O capitalismo é violência, e o fascismo a sua máxima expressão.

A realidade é que toda esta conversa sobre a violência é de uma hipocrisia sem limites. Em primeiro lugar, porque a extrema-direita e os fascistas sempre demonstram a sua brutalidade sem se conter, contando ainda com o apoio e a proteção do aparelho do Estado, de juízes, polícias e militares, que também militam maioritariamente nas suas fileiras. Assim o fizeram Trump e os seus seguidores no assalto ao Capitólio, onde houve 5 mortos, ou assim o fazem todos os dias os agentes do ICE, ou a própria polícia, com um historial de assassinatos de cidadãos inocentes e de minorias, sem comparação. E assim tem ocorrido nos inúmeros tiroteios e massacres que aconteceram nos EUA, protagonizados maioritariamente por extremistas de direita e fundamentalistas cristãos, que depois são qualificados pelos meios de comunicação como loucos desviados, e não como o que realmente são, fascistas! A diferença neste caso é que a vítima foi alvejada por um dos seus.

Enquanto se trata com total conivência e impunidade a extrema-direita, os bandos fascistas e os nazis, age-se com a máxima contundência quando se trata de sindicalistas ou ativistas de esquerda simplesmente por se manifestarem, por fazerem greve, ou por expressarem a sua opinião nas redes sociais. Aí temos o exemplo das manifestações de solidariedade com a Palestina, reprimidas a sangue e fogo por Trump, e antes, por Biden e os Democratas.

A violência de classe, da classe dominante, é a base e o fundamento do capitalismo. O capitalismo é pura violência, como demonstram todas as intervenções do imperialismo estado-unidense ao longo da história, os golpes militares, os massacres na Indonésia, no Chile ou na Argentina contra a esquerda revolucionária, ou o atual genocídio sionista contra um povo indefeso. No mesmo dia em que Charlie Kirk foi assassinado, 41 palestinianos, muitas crianças, foram massacrados, mas Trump e o seu vice-presidente consideram essas pessoas de escória e os seus assassinatos justificados.

img
A realidade é que a conversa sobre a violência é de uma hipocrisia sem limites. Enquanto o Estado capitalista permite à extrema-direita agir com impunidade, reage com a máxima contundência contra sindicalistas ou ativistas de esquerda à menor desculpa.

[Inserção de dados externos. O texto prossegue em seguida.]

(* Suppose the e-values are valid, i.e. $\mathbb{E}[e_t\mid\mathcal{F}_{t-1}]\le1$ a.s. whenever $\theta_t=0$, and let $(\lambda_t)_{t\ge1}$ be a sequence of random variables with values in $(0,1)$ such that each $\lambda_t$ is $\mathcal{F}_{t-1}$-measurable. Define $$\widehat{\mathrm{FDP}}^{\mathrm{SAFFRON}}_{\mathrm{e}}(t)=\sum_{j=1}^t\frac{\alpha_j}{R_{j-1}+1}\cdot\frac{\mathbb{1}\{e_j<1/\lambda_j\}}{1-\lambda_j},\qquad \mathrm{FDP}^*_{\mathrm{e}}(t)=\sum_{j\in\mathcal{H}_0(t)}\frac{\alpha_j}{R_{j-1}+1}.$$ Then (a) $\mathbb{E}[\widehat{\mathrm{FDP}}^{\mathrm{SAFFRON}}_{\mathrm{e}}(t)]\ge\mathbb{E}[\mathrm{FDP}^*_{\mathrm{e}}(t)]$ for all $t\ge1$; and (b) if the $\mathcal{F}_{t-1}$-measurable testing levels satisfy $\widehat{\mathrm{FDP}}^{\mathrm{SAFFRON}}_{\mathrm{e}}(t)\le\alpha$ almost surely for every $t\ge1$, then $\mathrm{FDR}(t)\le\alpha$ for all $t\ge1$.
   Context: Let $\alpha\in(0,1)$ be a target level. Hypotheses are indexed by $t=1,2,\dots$; $\theta_t\in\{0,1\}$ is a fixed (non-random) indicator with $\theta_t=0$ iff the $t$-th null hypothesis is true. $e_1,e_2,\dots$ are nonnegative random variables (e-values). Testing levels $\alpha_1,\alpha_2,\dots$ are nonnegative random variables and the decisions are $\delta_t=\mathbb{1}\{e_t\ge 1/\alpha_t\}$ (with $\delta_t=0$ when $\alpha_t=0$). Let $\mathcal{F}_t=\sigma(\delta_1,\dots,\delta_t)$, $\mathcal{F}_0$ trivial; each $\alpha_t$ is required to be $\mathcal{F}_{t-1}$-measurable. $R_t=\sum_{j=1}^t\delta_j$, $R_0=0$. $\mathcal{H}_0(t)=\{j\le t:\theta_j=0\}$. $\mathrm{FDR}(t)=\mathbb{E}\big[\sum_{j\in\mathcal{H}_0(t)}\delta_j/(R_t\vee 1)\big]$. *)

theory Defs
  imports "HOL-Probability.Probability"
begin
definition T2_kernel_deriv :: "(real \<Rightarrow> real) \<Rightarrow> int \<Rightarrow> int \<Rightarrow> real \<Rightarrow> int \<Rightarrow> complex" where
  "T2_kernel_deriv V n l t j = complex_of_real (rres_deriv n l t j) * T1V_kernel V n l t j
     + complex_of_real (rres n l t j) * T1V_kernel_deriv V n l t j"

abbreviation conv_norm :: "(real \<Rightarrow> real) \<Rightarrow> real" where
  "conv_norm V \<equiv> l2norm (conv_kernel V)"

lemma Vop_eq_conv_kernel: "Vop V x m = (\<Sum>\<^sub>\<infinity>j. conv_kernel V (m - j) * x j)"
  unfolding Vop_def conv_kernel_def mult.assoc by (rule infsum_cmult_right'[symmetric])

lemma T1_apply: "T1 V n l t x n = (\<Sum>\<^sub>\<infinity>j. T1_kernel V n l t j * x j)"
  unfolding T1_def Pm_def Vop_eq_conv_kernel T1_kernel_def Rhat_eq_rres by (simp add: mult.assoc)

lemma norm_product_remainder_le:
  fixes r0 r1 r' g0 g1 g' h :: complex
  assumes "cmod (r1 - r0 - h * r') \<le> A" "cmod g0 \<le> G" "cmod r0 \<le> R" "cmod (g1 - g0 - h * g') \<le> B"
    and "cmod (r1 - r0) \<le> C" "cmod (g1 - g0) \<le> D"
  shows "cmod (r1 * g1 - r0 * g0 - h * (r' * g0 + r0 * g')) \<le> A * G + R * B + C * D"
proof -
  have "r1 * g1 - r0 * g0 - h * (r' * g0 + r0 * g')
    = (r1 - r0 - h * r') * g0 + r0 * (g1 - g0 - h * g') + (r1 - r0) * (g1 - g0)"
    by (simp add: algebra_simps)
  also have "cmod \<dots> \<le> cmod ((r1 - r0 - h * r') * g0) + cmod (r0 * (g1 - g0 - h * g')) + cmod ((r1 - r0) * (g1 - g0))"
    by (rule order_trans[OF norm_triangle_ineq add_right_mono[OF norm_triangle_ineq]])
  also have "\<dots> \<le> A * G + R * B + C * D"
    unfolding norm_mult using assms by (intro add_mono mult_mono) (auto intro: order_trans[OF norm_ge_zero])
  finally show ?thesis .
qed

context
  fixes V :: "real \<Rightarrow> real"
  assumes V: "norm0_finite V"
begin

lemma ell2_conv_kernel: "ell2 (conv_kernel V)"
proof -
  have "ell2 (Vhat V)" using V unfolding norm0_finite_def ell2_def .
  then show ?thesis unfolding conv_kernel_def[abs_def] by (rule ell2_scale)
qed

lemma ell2_conv_kernel_shift: "ell2 (\<lambda>k. conv_kernel V (k - j))" "ell2 (\<lambda>k. conv_kernel V (j - k))"
  using ell2_reindex(1)[OF bij_int_shifts(2), of "conv_kernel V" j]
    ell2_reindex(1)[OF bij_int_shifts(1), of "conv_kernel V" j] ell2_conv_kernel
  by simp_all

lemma l2norm_conv_kernel_shift: "l2norm (\<lambda>k. conv_kernel V (k - j)) = conv_norm V"
  by (rule ell2_reindex(2)[OF bij_int_shifts(2)])

lemma norm_conv_kernel_mult_le: "cmod (conv_kernel V k * complex_of_real r) \<le> conv_norm V * \<bar>r\<bar>"
  unfolding norm_mult norm_of_real
  by (intro mult_right_mono norm_le_l2norm ell2_conv_kernel abs_ge_zero)

lemma T1_kernel_bound: "window l t \<Longrightarrow> cmod (T1_kernel V n l t j) \<le> (8 * conv_norm V) * decay n j"
  unfolding T1_kernel_def
  using order_trans[OF norm_conv_kernel_mult_le mult_left_mono[OF rres_le_decay l2norm_nonneg]]
  by (simp add: mult_ac)

lemma T1_kernel_deriv_bound: "window l t \<Longrightarrow> cmod (T1_kernel_deriv V n l t j) \<le> (64 * conv_norm V) * decay n j"
  unfolding T1_kernel_deriv_def
  using order_trans[OF norm_conv_kernel_mult_le mult_left_mono[OF rres_deriv_bound l2norm_nonneg]]
  by (simp add: mult_ac)

lemma T1_kernel_diff_bound:
  assumes "window l s" "window l t"
  shows "cmod (T1_kernel V n l s j - T1_kernel V n l t j) \<le> (64 * conv_norm V * \<bar>s - t\<bar>) * decay n j"
proof -
  have "cmod (conv_kernel V (n - j) * complex_of_real (rres n l s j - rres n l t j))
      \<le> conv_norm V * (64 * decay n j * \<bar>s - t\<bar>)"
    by (intro order_trans[OF norm_conv_kernel_mult_le] mult_left_mono rres_diff_bound assms l2norm_nonneg)
  then show ?thesis
    unfolding T1_kernel_def by (simp add: right_diff_distrib mult_ac)
qed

Do que nos falam todos estes liberais, que se curvam perante o senhor de Washington e aprovam o aumento dos orçamentos militares para matar milhões em guerras reacionárias, ou que aprovam a perseguição dos nossos irmãos imigrantes simplesmente por quererem ter uma vida melhor?

O assassinato deste supremacista, e a consequente campanha da reação, se algo prova, são os sérios perigos que enfrentamos, que não poderão ser conjurados com base em discursos e frases vazias. Os Democratas estão a demonstrar a sua completa bancarrota desde a vitória de Trump, aceitando na prática as suas medidas repressivas e autoritárias, e somando-se aos seus discursos demagógicos contra “o crime” e a imigração. A sua única alternativa é recorrer ao aparelho do Estado, aos mesmos tribunais que protegeram Trump após o seu ataque ao Capitólio, e que agora validam as suas políticas, liderados por um Tribunal Supremo de extrema-direita ao seu serviço.

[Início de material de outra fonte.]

(* For every fixed $p\in(0,1]$ and every integer $n\ge1$, $\gamma_n^*(p)\ge\gamma_{n+1}^*(p)$.
   Context: SP-UA model: $n$ candidates with distinct overall ranks $1,\dots,n$ ($1$ best) arrive in uniformly random order; the decision maker sees only each candidate's rank among those arrived so far and irrevocably decides (possibly randomly) to make an offer or pass; an offered candidate accepts independently with probability $p$ and then the process stops. A policy collects a candidate of rank $i$ if it makes her an offer and she accepts. $\gamma_n^*(p)=\sup_{\mathcal P}\min_{k\in[n]}\Pr(\mathcal P\text{ collects a candidate with rank}\le k)/(1-(1-p)^k)$, the supremum over policies for $n$ candidates. *)

theory Defs
  imports Complex_Main
begin

text \<open>An arrival order of n candidates is a list xs of their overall ranks
  (rank 1 = best) in order of arrival: a permutation of 1..n.\<close>
definition arrival_orders :: "nat \<Rightarrow> nat list set" where
  "arrival_orders n = {xs. distinct xs \<and> set xs = {1..n}}"

definition rel_rank :: "nat list \<Rightarrow> nat \<Rightarrow> nat" where
  "rel_rank ys i = card {j. j \<le> i \<and> ys ! j \<le> ys ! i}"

definition rel_ranks :: "nat list \<Rightarrow> nat list" where
  "rel_ranks ys = map (rel_rank ys) [0..<length ys]"

text \<open>A (randomised, behavioural) policy maps the observable history -- the relative
  ranks seen so far (including the current candidate) and the past offer decisions
  (all of which were rejected, otherwise the process would have stopped) -- to the
  probability of making an offer to the current candidate.\<close>
type_synonym policy = "nat list \<times> bool list \<Rightarrow> real"

definition is_policy :: "policy \<Rightarrow> bool" where
  "is_policy P \<longleftrightarrow> (\<forall>h. 0 \<le> P h \<and> P h \<le> 1)"

text \<open>collect_val P p k pre rest acts: probability (over the policy's coins and the
  acceptance coins) that the policy collects a candidate of rank \<le> k, given that the
  candidates in pre have arrived without the process stopping, acts are the past
  offer decisions, and rest is the remaining arrival sequence.\<close>
fun collect_val :: "policy \<Rightarrow> real \<Rightarrow> nat \<Rightarrow> nat list \<Rightarrow> nat list \<Rightarrow> bool list \<Rightarrow> real" where
  "collect_val P p k pre [] acts = 0"
| "collect_val P p k pre (x # rest) acts =
     (let pre' = pre @ [x]; q = P (rel_ranks pre', acts);
          c = (if x \<le> k then 1 else 0) in
      q * (p * c + (1 - p) * collect_val P p k pre' rest (acts @ [True]))
      + (1 - q) * collect_val P p k pre' rest (acts @ [False]))"

definition collect_prob :: "nat \<Rightarrow> real \<Rightarrow> policy \<Rightarrow> nat \<Rightarrow> real" where
  "collect_prob n p P k =
     (\<Sum>xs\<in>arrival_orders n. collect_val P p k [] xs []) / fact n"

definition gamma_star :: "nat \<Rightarrow> real \<Rightarrow> real" where
  "gamma_star n p =
     (SUP P\<in>{P. is_policy P}.
        Min ((\<lambda>k. collect_prob n p P k / (1 - (1 - p) ^ k)) ` {1..n}))"

end

theory Submission
  imports Defs
begin

text \<open>
  A policy for \<open>n + 1\<close> candidates is turned into a policy for \<open>n\<close> candidates that is at
  least as good for every threshold \<open>k \<le> n\<close>: the latter imagines an extra ghost candidate of
  the worst rank \<open>n + 1\<close> inserted at a uniformly random position among the real ones and
  runs the given policy on the combined sequence. Collecting the ghost never counts, and
  inserting the maximal rank into a uniformly random arrival order of \<open>n\<close> candidates yields a
  uniformly random arrival order of \<open>n + 1\<close> candidates. The ghost's position and fate are not
  observable, so the reduced policy offers with the conditional probability, given its own
  history, that the simulated policy offers to the current real candidate. An induction over
  the arrivals shows that the ghost-averaged collection probability of the original policy
  factors as the mass of ghost scenarios consistent with the history times the collection
  probability of the reduced policy. Hence both policies collect a candidate of rank \<open>\<le> k\<close>
  with the same probability for \<open>k \<le> n\<close>, and the minimum over \<open>k \<in> {1..n+1}\<close> is at most
  the minimum over \<open>k \<in> {1..n}\<close>.
\<close>

definition insert_at :: "nat \<Rightarrow> 'a \<Rightarrow> 'a list \<Rightarrow> 'a list" where
  "insert_at j d ys = take j ys @ d # drop j ys"

lemma insert_at_0: "insert_at 0 d ys = d # ys"
  by (simp add: insert_at_def)

lemma insert_at_Suc_Cons: "insert_at (Suc j) d (x # ys) = x # insert_at j d ys"
  by (simp add: insert_at_def)

lemma insert_at_snoc: "j \<le> length ys \<Longrightarrow> insert_at j d (ys @ [x]) = insert_at j d ys @ [x]"
  by (simp add: insert_at_def)

lemma insert_at_length: "insert_at (length ys) d ys = ys @ [d]"
  by (simp add: insert_at_def)

lemma length_insert_at [simp]: "j \<le> length ys \<Longrightarrow> length (insert_at j d ys) = Suc (length ys)"
  by (simp add: insert_at_def)

lemma filter_insert_at: "\<not> Q d \<Longrightarrow> filter Q (insert_at j d ys) = filter Q ys"
  unfolding insert_at_def by (metis append_take_drop_id filter.simps(2) filter_append)

lemma set_insert_at: "set (insert_at j d xs) = insert d (set xs)"
proof -
  have "set (insert_at j d xs) = insert d (set (take j xs @ drop j xs))"
    unfolding insert_at_def by (simp only: set_append set_simps) auto
  then show ?thesis by simp
qed

lemma distinct_insert_at: "distinct (insert_at j d xs) \<longleftrightarrow> distinct (d # xs)"
proof -
  have "distinct (insert_at j d xs) \<longleftrightarrow> distinct (d # (take j xs @ drop j xs))"
    unfolding insert_at_def by (simp only: distinct_append distinct.simps set_append set_simps) blast
  then show ?thesis by (simp only: append_take_drop_id)
qed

Políticas que têm claros beneficiários: as grandes corporações capitalistas. O recente jantar na Casa Branca com os CEOs da Apple, Google, Facebook, e do próprio Bill Gates, empresário referência dos Democratas, adulando e agradecendo a Trump por tudo o que faz, revela claramente a atitude de amplos setores da classe dominante estado-unidense. Tal como aconteceu com Hitler, os capitalistas não têm escrúpulos.

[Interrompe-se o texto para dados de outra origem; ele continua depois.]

definition lagrange_basis :: "nat \<Rightarrow> 'n \<Rightarrow> nat \<Rightarrow> 'n U0" where
  "lagrange_basis r i a = sc (inverse (lagrange_denom r a)) * (\<Prod>j\<in>{0..r} - {a}. Kv i - sc (vv ^ j))"

lemma sum_lagrange_basis: "(\<Sum>a\<in>{0..r}. lagrange_basis r i a) = 1"
  using arg_cong[OF lagrange_poly_sum[of r], of "peval (Kv i)"]
  by (simp add: peval_sum peval_smult peval_prod peval_linear peval_1 lagrange_basis_def)

lemma Kv_acts_on_lagrange_basis:
  assumes "a \<in> {0..r}"
  shows "acts_by (Jr r) (lagrange_basis r i a) (Kv i) (vv ^ a)"
proof -
  have "Kv i * lagrange_basis r i a - sc (vv ^ a) * lagrange_basis r i a
      = sc (inverse (lagrange_denom r a)) * Kfact i r"
    unfolding Kfact_def lagrange_basis_def using assms by (simp add: prod.remove algebra_simps)
  moreover have "Kfact i r \<in> gen_ideal (Jr r)"
    by (rule gen_ideal_base) (auto simp: Jr_def)
  ultimately show ?thesis
    unfolding acts_by_def by (simp add: gen_ideal_mult_left)
qed

lemma Lambda_le: "lam \<in> Lambda r \<Longrightarrow> lam i \<le> r"
  unfolding Lambda_def using member_le_sum[of i UNIV lam] by auto

lemma Lambda_obtain_greater_component:
  assumes "lam \<in> Lambda r" "mu \<in> Lambda r" "lam \<noteq> mu"
  obtains i where "mu i < lam i"
proof -
  have "\<not> (\<forall>i. lam i \<le> mu i)"
  proof
    assume le: "\<forall>i. lam i \<le> mu i"
    with assms(3) obtain i where "lam i < mu i" by (meson le_neq_implies_less ext)
    with le have "sum lam UNIV < sum mu UNIV" by (intro sum_strict_mono_ex1) auto
    with assms(1,2) show False by (simp add: Lambda_def)
  qed
  with that show ?thesis by (auto simp: not_le)
qed

section \<open>The generators \<open>J\<^sub>r\<close> lie in the ideal of \<open>I\<^sub>r\<close>\<close>

lemma Kv_acts_on_Lfr: "lam \<in> Lambda r \<Longrightarrow> acts_by (Ir r) (Lfr lam) (Kv i) (vv ^ lam i)"
  unfolding acts_by_def by (intro gen_ideal_base) (auto simp: Ir_def)

text \<open>Modulo \<open>I\<^sub>r\<close> the \<open>\<L>\<^sub>\<lambda>\<close> sum to 1, so it suffices to kill each of them.\<close>
lemma in_gen_ideal_Ir_if_mult_Lfr:
  assumes "\<And>lam. lam \<in> Lambda r \<Longrightarrow> x * Lfr lam \<in> gen_ideal (Ir r)"
  shows "x \<in> gen_ideal (Ir r)"
proof -
  have "x * (1 - (\<Sum>lam\<in>Lambda r. Lfr lam)) \<in> gen_ideal (Ir r)"
    by (intro gen_ideal_mult_left gen_ideal_base) (simp add: Ir_def)
  moreover have "(\<Sum>lam\<in>Lambda r. x * Lfr lam) \<in> gen_ideal (Ir r)"
    using assms by (rule gen_ideal_sum)
  moreover have "x = x * (1 - (\<Sum>lam\<in>Lambda r. Lfr lam)) + (\<Sum>lam\<in>Lambda r. x * Lfr lam)"
    by (simp add: sum_distrib_left algebra_simps)
  ultimately show ?thesis by (metis gen_ideal_add)
qed

lemma Jr_subset_gen_ideal_Ir: "Jr r \<subseteq> gen_ideal (Ir r :: ('n::finite) U0 set)"
proof
  fix x :: "'n U0" assume "x \<in> Jr r"
  then consider (prod_Kv) "x = (\<Prod>i\<in>UNIV. Kv i) - sc (vv ^ r)" | (Kfact) i where "x = Kfact i r"
    unfolding Jr_def by blast
  then show "x \<in> gen_ideal (Ir r)"
  proof cases
    case prod_Kv
    show ?thesis
    proof (rule in_gen_ideal_Ir_if_mult_Lfr)
      fix lam :: "'n \<Rightarrow> nat" assume lam: "lam \<in> Lambda r"
      have "acts_by (Ir r) (Lfr lam) x ((\<Prod>i\<in>UNIV. vv ^ lam i) - vv ^ r)"
        unfolding prod_Kv by (intro acts_by_diff acts_by_prod Kv_acts_on_Lfr lam acts_by_sc)
      moreover have "(\<Prod>i\<in>UNIV. vv ^ lam i) - vv ^ r = 0"
        using lam by (simp add: Lambda_def flip: power_sum)
      ultimately show "x * Lfr lam \<in> gen_ideal (Ir r)" by (metis acts_by_0)
    qed
  next
    case Kfact
    show ?thesis
    proof (rule in_gen_ideal_Ir_if_mult_Lfr)
      fix lam :: "'n \<Rightarrow> nat" assume lam: "lam \<in> Lambda r"
      have "acts_by (Ir r) (Lfr lam) x (\<Prod>j\<in>{0..r}. vv ^ lam i - vv ^ j)"
        unfolding Kfact Kfact_def by (intro acts_by_diff acts_by_prod Kv_acts_on_Lfr lam acts_by_sc)
      moreover have "(\<Prod>j\<in>{0..r}. vv ^ lam i - vv ^ j) = 0"
        using Lambda_le[OF lam, of i] by (intro prod_zero bexI[of _ "lam i"]) auto
      ultimately show "x * Lfr lam \<in> gen_ideal (Ir r)" by (metis acts_by_0)
    qed
  qed
qed

section \<open>The generators \<open>I\<^sub>r\<close> lie in the ideal of \<open>J\<^sub>r\<close>\<close>

definition cube :: "nat \<Rightarrow> ('n::finite \<Rightarrow> nat) set" where
  "cube r = PiE UNIV (\<lambda>_. {0..r})"

lemma mem_cube_iff: "mu \<in> cube r \<longleftrightarrow> (\<forall>i. mu i \<le> r)"
  unfolding cube_def by (auto simp: PiE_UNIV_domain)

lemma finite_cube: "finite (cube r)"
  unfolding cube_def by (rule finite_PiE) auto

lemma Lambda_subset_cube: "Lambda r \<subseteq> cube r"
  using Lambda_le mem_cube_iff by blast

definition cube_idem :: "nat \<Rightarrow> ('n::finite \<Rightarrow> nat) \<Rightarrow> 'n U0" where
  "cube_idem r mu = (\<Prod>i\<in>UNIV. lagrange_basis r i (mu i))"

lemma sum_cube_idem: "(\<Sum>mu\<in>cube r. cube_idem r mu) = 1"
proof -
  have "(\<Sum>mu\<in>cube r. cube_idem r mu) = (\<Prod>i\<in>UNIV. \<Sum>a\<in>{0..r}. lagrange_basis r i a)"
    unfolding cube_def cube_idem_def by (rule prod_sum_PiE[symmetric]) auto
  thus ?thesis by (simp add: sum_lagrange_basis)
qed

lemma Kv_acts_on_cube_idem:
  assumes "mu \<in> cube r"
  shows "acts_by (Jr r) (cube_idem r mu) (Kv i) (vv ^ mu i)"
proof -
  have "cube_idem r mu = lagrange_basis r i (mu i) * (\<Prod>j\<in>UNIV - {i}. lagrange_basis r j (mu j))"
    unfolding cube_idem_def by (simp add: prod.remove)
  thus ?thesis
    using assms by (simp add: mem_cube_iff acts_by_mult_vector Kv_acts_on_lagrange_basis)
qed

lemma Kinv_acts_on_cube_idem:
  "mu \<in> cube r \<Longrightarrow> acts_by (Jr r) (cube_idem r mu) (Kinv i) (inverse (vv ^ mu i))"
  by (rule acts_by_inverse[OF Kv_acts_on_cube_idem Kinv_mult_Kv vv_power_nonzero])

lemma cube_idem_acts_on_cube_idem:
  assumes mu: "mu \<in> cube r"
  shows "acts_by (Jr r) (cube_idem r mu) (cube_idem r lam) (if lam = mu then 1 else 0)"
proof -
  have "acts_by (Jr r) (cube_idem r mu) (cube_idem r lam)
      (\<Prod>i\<in>UNIV. inverse (lagrange_denom r (lam i)) * (\<Prod>j\<in>{0..r} - {lam i}. vv ^ mu i - vv ^ j))"
    unfolding cube_idem_def[of r lam] lagrange_basis_def
    by (intro acts_by_prod acts_by_mult acts_by_diff acts_by_sc Kv_acts_on_cube_idem mu)
  also have "(\<Prod>i\<in>UNIV. inverse (lagrange_denom r (lam i)) * (\<Prod>j\<in>{0..r} - {lam i}. vv ^ mu i - vv ^ j))
      = (\<Prod>i\<in>UNIV. if lam i = mu i then 1 else 0)"
    using mu by (intro prod.cong refl lagrange_delta) (simp add: mem_cube_iff)
  also have "\<dots> = (if lam = mu then 1 else 0)"
    by (auto simp: fun_eq_iff intro: prod_zero)
  finally show ?thesis .
qed

lemma cube_idem_orthogonal:
  assumes "mu \<in> cube r"
  shows "cube_idem r lam * cube_idem r mu - (if lam = mu then cube_idem r lam else 0) \<in> gen_ideal (Jr r)"
  using cube_idem_acts_on_cube_idem[OF assms, of lam]
  unfolding acts_by_def by (cases "lam = mu") (simp_all add: sc_0 sc_1)

lemma cube_idem_in_gen_ideal_Jr:
  assumes "mu \<in> cube r" "mu \<notin> Lambda r"
  shows "cube_idem r mu \<in> gen_ideal (Jr r)"
proof (rule acts_by_in_gen_ideal)
  show "acts_by (Jr r) (cube_idem r mu) ((\<Prod>i\<in>UNIV. Kv i) - sc (vv ^ r)) ((\<Prod>i\<in>UNIV. vv ^ mu i) - vv ^ r)"
    by (intro acts_by_diff acts_by_prod acts_by_sc Kv_acts_on_cube_idem assms(1))
  show "(\<Prod>i\<in>UNIV. Kv i) - sc (vv ^ r) \<in> gen_ideal (Jr r)"
    by (intro gen_ideal_base) (simp add: Jr_def)
  show "(\<Prod>i\<in>UNIV. vv ^ mu i) - vv ^ r \<noteq> 0"
    using assms(2) by (simp add: Lambda_def vv_power_eq_iff flip: power_sum)
qed

lemma Lfr_acts_on_cube_idem:
  assumes "mu \<in> cube r" "lam \<in> Lambda r" "mu \<in> Lambda r"
  shows "acts_by (Jr r) (cube_idem r mu) (Lfr lam) (if lam = mu then 1 else 0)"
proof -
  have "acts_by (Jr r) (cube_idem r mu) (Lfr lam)
      (\<Prod>i\<in>UNIV. qbin_val (vv ^ mu i) (inverse (vv ^ mu i)) 0 (lam i))"
    unfolding Lfr_def
    by (intro acts_by_prod acts_by_qbin Kv_acts_on_cube_idem Kinv_acts_on_cube_idem assms(1))
  moreover have "(\<Prod>i\<in>UNIV. qbin_val (vv ^ mu i) (inverse (vv ^ mu i)) 0 (lam i))
      = (if lam = mu then 1 else 0)"
  proof (cases "lam = mu")
    case False
    with assms(2,3) obtain i where "mu i < lam i" by (rule Lambda_obtain_greater_component)
    thus ?thesis using False by (auto intro!: prod_zero exI[of _ i] simp: qbin_val_vv_power_less)
  qed (simp add: qbin_val_vv_power_self)
  ultimately show ?thesis by simp
qed

lemma Lfr_cong_cube_idem:
  fixes lam :: "'n::finite \<Rightarrow> nat"
  assumes lam: "lam \<in> Lambda r"
  shows "Lfr lam - cube_idem r lam \<in> gen_ideal (Jr r)"
proof -
  have "Lfr lam - cube_idem r lam
      = (\<Sum>mu\<in>cube r. Lfr lam * cube_idem r mu - (if mu = lam then cube_idem r mu else 0))"
    using lam Lambda_subset_cube
    by (auto simp: sum_subtractf finite_cube sum_cube_idem simp flip: sum_distrib_left)
  also have "\<dots> \<in> gen_ideal (Jr r)"
  proof (rule gen_ideal_sum)
    fix mu :: "'n \<Rightarrow> nat" assume mu: "mu \<in> cube r"
    show "Lfr lam * cube_idem r mu - (if mu = lam then cube_idem r mu else 0) \<in> gen_ideal (Jr r)"
    proof (cases "mu \<in> Lambda r")
      case True
      with Lfr_acts_on_cube_idem[OF mu lam] show ?thesis
        unfolding acts_by_def by (auto simp: sc_0 sc_1)
    next
      case False
      with lam mu show ?thesis by (auto intro: gen_ideal_mult_left cube_idem_in_gen_ideal_Jr)
    qed
  qed
  finally show ?thesis .
qed

lemma Ir_subset_gen_ideal_Jr: "Ir r \<subseteq> gen_ideal (Jr r :: ('n::finite) U0 set)"
proof
  fix x :: "'n U0" assume "x \<in> Ir r"
  then consider
      (sum) "x = 1 - (\<Sum>lam\<in>Lambda r. Lfr lam)"
    | (orth) lam mu where "x = Lfr lam * Lfr mu - (if lam = mu then Lfr lam else 0)"
        "lam \<in> Lambda r" "mu \<in> Lambda r"
    | (weight) i lam where "x = Kv i * Lfr lam - sc (vv ^ lam i) * Lfr lam" "lam \<in> Lambda r"
    unfolding Ir_def by blast
  then show "x \<in> gen_ideal (Jr r)"
  proof cases
    case sum
    have "x = (\<Sum>mu\<in>cube r - Lambda r. cube_idem r mu) + (\<Sum>mu\<in>Lambda r. cube_idem r mu - Lfr mu)"
      unfolding sum sum_cube_idem[of r, symmetric] sum_subtractf
      using sum.subset_diff[OF Lambda_subset_cube finite_cube] by simp
    also have "\<dots> \<in> gen_ideal (Jr r)"
      using cube_idem_in_gen_ideal_Jr Lfr_cong_cube_idem gen_ideal_mult_left[of _ _ "-1"]
      by (intro gen_ideal_add gen_ideal_sum) fastforce+
    finally show ?thesis .
  next
    case orth
    let ?E = "cube_idem r"
    have "Lfr lam * Lfr mu - ?E lam * ?E mu \<in> gen_ideal (Jr r)"
      by (intro gen_ideal_mult_cong Lfr_cong_cube_idem orth(2,3))
    moreover have "?E lam * ?E mu - (if lam = mu then ?E lam else 0) \<in> gen_ideal (Jr r)"
      using orth(3) Lambda_subset_cube by (intro cube_idem_orthogonal) blast
    moreover have "(if lam = mu then ?E lam else 0) - (if lam = mu then Lfr lam else 0) \<in> gen_ideal (Jr r)"
      using gen_ideal_mult_left[OF Lfr_cong_cube_idem[OF orth(2)], of "-1"] by (auto simp: gen_ideal_0)
    ultimately show ?thesis
      unfolding orth(1) by (metis gen_ideal_trans)
  next
    case weight
    let ?D = "Kv i - sc (vv ^ lam i)"
    have "?D * Lfr lam - ?D * cube_idem r lam \<in> gen_ideal (Jr r)"
      by (intro gen_ideal_mult_cong Lfr_cong_cube_idem weight(2)) (simp add: gen_ideal_0)
    moreover have "?D * cube_idem r lam \<in> gen_ideal (Jr r)"
      using Kv_acts_on_cube_idem[of lam r i] weight(2) Lambda_subset_cube
      unfolding acts_by_def by (auto simp: algebra_simps)
    ultimately have "?D * Lfr lam \<in> gen_ideal (Jr r)"
      using gen_ideal_add by fastforce
    thus ?thesis by (simp add: weight(1) algebra_simps)
  qed
qed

A ameaça do fascismo e de regimes dictatoriais que acabem com os nossos direitos democráticos e que nos lancem na pior das barbaridades, como aconteceu nos anos 30 e 40 do século passado, não é uma invenção. É uma realidade que surge da decomposição do sistema e do fracasso desta esquerda social-democrata assimilada. Negar a evidência teimosa da luta de classes desarma-nos. E contra o avanço da extrema-direita só vale a organização da nossa classe, a mobilização de massas contundente e a defesa intransigente de um programa revolucionário e socialista.


Notas:

1. A campanha de desinformação impactou de forma significativa organizações que se declaram marxistas, e que declaram precipitadamente ser um caso de "terrorismo individual" quando não o é.